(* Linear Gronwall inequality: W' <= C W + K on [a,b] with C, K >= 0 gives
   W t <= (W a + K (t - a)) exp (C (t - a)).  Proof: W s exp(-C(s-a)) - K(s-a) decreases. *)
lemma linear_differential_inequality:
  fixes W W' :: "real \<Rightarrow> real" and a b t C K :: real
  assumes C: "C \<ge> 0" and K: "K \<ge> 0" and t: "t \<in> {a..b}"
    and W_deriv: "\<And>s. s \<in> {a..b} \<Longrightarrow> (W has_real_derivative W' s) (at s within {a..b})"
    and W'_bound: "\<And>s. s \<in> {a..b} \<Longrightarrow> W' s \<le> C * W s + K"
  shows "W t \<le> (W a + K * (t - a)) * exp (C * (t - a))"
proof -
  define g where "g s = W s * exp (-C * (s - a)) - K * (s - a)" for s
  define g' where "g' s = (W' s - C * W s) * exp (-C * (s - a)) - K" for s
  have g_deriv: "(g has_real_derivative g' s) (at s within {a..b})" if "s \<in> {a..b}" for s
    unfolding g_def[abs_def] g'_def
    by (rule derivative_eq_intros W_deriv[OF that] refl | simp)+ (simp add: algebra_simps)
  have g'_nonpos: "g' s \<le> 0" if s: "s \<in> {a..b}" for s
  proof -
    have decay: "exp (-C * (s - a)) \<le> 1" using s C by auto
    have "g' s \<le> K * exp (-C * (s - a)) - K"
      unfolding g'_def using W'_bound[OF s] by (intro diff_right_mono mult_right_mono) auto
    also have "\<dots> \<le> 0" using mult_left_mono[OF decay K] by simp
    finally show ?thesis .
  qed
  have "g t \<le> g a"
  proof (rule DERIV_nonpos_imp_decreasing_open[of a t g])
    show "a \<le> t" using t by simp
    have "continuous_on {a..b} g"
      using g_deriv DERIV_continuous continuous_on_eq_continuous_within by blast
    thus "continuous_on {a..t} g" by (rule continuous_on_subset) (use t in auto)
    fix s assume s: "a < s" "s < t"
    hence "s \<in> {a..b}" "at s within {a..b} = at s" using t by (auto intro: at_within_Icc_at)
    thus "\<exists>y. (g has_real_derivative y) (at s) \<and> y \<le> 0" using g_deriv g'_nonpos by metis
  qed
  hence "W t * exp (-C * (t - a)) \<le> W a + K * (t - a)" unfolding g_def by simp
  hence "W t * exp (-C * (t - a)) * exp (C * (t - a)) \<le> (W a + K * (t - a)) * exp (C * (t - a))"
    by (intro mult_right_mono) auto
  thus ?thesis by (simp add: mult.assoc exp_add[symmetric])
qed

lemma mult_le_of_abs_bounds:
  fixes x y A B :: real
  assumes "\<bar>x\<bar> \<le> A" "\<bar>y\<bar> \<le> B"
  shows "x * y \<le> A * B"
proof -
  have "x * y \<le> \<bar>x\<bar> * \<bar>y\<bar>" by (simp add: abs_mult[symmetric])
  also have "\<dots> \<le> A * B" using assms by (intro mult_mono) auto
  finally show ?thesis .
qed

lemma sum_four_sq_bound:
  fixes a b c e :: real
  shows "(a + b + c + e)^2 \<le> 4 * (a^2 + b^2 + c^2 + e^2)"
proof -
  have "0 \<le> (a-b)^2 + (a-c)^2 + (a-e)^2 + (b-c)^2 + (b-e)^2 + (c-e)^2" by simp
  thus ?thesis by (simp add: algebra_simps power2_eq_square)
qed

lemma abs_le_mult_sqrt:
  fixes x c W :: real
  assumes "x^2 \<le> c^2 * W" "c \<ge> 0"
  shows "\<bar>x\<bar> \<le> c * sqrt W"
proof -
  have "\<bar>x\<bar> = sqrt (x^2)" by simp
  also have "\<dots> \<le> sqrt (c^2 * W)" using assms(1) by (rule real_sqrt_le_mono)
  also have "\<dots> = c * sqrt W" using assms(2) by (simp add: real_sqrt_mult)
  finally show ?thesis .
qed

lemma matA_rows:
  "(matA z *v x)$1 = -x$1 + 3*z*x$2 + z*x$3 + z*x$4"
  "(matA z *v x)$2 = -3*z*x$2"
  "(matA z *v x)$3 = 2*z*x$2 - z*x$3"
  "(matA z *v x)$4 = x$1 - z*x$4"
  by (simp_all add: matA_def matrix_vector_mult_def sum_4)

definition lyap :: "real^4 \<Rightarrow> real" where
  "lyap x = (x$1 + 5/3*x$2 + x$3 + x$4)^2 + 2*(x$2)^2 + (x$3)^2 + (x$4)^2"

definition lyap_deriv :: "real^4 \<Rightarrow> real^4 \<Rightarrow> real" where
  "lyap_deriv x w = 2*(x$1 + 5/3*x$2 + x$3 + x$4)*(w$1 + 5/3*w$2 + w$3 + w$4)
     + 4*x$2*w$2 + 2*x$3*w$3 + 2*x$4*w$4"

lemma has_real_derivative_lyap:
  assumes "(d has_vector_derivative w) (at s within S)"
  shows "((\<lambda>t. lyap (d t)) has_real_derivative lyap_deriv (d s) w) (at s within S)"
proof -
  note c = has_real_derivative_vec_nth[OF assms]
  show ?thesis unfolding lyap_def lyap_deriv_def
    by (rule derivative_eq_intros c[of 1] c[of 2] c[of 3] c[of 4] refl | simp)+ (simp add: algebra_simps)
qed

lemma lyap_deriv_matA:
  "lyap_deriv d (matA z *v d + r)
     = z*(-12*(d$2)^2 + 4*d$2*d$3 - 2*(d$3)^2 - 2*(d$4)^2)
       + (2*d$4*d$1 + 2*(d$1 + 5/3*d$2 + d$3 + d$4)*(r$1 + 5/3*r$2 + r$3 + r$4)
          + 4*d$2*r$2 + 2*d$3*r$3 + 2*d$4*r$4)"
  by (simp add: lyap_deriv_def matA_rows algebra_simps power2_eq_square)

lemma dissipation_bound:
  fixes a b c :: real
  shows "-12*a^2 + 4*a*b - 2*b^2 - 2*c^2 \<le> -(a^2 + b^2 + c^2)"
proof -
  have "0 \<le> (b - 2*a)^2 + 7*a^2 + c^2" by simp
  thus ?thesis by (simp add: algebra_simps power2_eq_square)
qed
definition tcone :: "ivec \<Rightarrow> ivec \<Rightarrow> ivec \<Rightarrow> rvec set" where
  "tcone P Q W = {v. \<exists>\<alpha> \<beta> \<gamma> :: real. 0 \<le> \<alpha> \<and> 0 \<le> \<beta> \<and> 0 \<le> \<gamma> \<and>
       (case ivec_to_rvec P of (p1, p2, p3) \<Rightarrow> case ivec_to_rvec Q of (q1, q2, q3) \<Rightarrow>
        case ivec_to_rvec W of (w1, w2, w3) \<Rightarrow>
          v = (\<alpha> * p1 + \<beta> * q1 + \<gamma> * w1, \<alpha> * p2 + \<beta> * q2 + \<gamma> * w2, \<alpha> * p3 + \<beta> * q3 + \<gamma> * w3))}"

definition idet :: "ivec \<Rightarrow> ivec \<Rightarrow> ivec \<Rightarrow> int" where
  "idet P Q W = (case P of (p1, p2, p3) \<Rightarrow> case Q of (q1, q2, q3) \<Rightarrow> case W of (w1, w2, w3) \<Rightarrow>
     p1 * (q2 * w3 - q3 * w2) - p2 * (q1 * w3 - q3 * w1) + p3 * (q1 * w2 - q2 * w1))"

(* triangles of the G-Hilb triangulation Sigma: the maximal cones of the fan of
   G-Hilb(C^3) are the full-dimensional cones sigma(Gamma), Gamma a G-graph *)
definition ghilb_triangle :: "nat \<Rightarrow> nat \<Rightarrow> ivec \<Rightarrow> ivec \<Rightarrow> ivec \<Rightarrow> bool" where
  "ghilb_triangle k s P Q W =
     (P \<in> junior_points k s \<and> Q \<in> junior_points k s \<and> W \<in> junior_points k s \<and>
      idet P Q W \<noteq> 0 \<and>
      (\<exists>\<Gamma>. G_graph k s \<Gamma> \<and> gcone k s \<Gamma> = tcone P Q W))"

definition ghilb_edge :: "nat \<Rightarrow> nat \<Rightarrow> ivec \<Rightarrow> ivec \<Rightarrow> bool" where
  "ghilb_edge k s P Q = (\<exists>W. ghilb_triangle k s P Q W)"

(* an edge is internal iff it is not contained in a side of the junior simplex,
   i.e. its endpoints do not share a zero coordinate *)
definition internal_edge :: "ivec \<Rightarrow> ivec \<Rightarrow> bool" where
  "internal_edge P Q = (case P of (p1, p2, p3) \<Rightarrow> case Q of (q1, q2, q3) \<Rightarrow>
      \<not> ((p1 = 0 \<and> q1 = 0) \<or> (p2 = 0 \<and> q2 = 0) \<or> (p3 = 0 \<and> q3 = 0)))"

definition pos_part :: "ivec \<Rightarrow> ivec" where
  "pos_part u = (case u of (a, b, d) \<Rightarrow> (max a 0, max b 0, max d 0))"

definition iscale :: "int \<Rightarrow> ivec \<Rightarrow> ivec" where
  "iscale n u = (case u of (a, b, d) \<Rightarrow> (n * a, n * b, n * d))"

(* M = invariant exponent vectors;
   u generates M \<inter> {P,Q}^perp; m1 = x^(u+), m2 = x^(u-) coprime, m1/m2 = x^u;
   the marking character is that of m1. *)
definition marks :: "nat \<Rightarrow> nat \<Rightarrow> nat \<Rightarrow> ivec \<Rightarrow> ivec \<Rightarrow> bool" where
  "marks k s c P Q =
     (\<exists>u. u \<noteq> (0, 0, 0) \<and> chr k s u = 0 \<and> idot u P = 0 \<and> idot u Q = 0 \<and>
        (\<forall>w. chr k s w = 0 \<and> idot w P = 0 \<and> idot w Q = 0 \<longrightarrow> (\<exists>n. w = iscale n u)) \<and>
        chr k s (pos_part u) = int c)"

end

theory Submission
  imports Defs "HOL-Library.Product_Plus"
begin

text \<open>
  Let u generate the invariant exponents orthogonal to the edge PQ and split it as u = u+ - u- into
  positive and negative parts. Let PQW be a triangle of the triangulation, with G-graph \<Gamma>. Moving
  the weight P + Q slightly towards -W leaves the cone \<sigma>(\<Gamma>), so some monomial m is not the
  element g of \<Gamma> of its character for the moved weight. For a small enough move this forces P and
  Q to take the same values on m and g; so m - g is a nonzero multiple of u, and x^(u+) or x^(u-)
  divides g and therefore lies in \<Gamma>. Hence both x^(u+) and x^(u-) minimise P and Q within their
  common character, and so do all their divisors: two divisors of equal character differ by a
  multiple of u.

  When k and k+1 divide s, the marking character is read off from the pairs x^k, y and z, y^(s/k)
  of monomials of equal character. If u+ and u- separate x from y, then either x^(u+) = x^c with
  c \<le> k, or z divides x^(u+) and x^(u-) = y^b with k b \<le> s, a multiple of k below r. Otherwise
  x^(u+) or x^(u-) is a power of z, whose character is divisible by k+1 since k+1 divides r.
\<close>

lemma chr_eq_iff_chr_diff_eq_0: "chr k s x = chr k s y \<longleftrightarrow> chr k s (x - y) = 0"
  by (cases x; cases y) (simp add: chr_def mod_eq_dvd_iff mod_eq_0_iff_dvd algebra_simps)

What to work on:
The string to find is "decay"; copy every line of the listing that has it.

Written answer:
    have decay: "exp (-C * (s - a)) \<le> 1" using s C by auto
    also have "\<dots> \<le> 0" using mult_left_mono[OF decay K] by simp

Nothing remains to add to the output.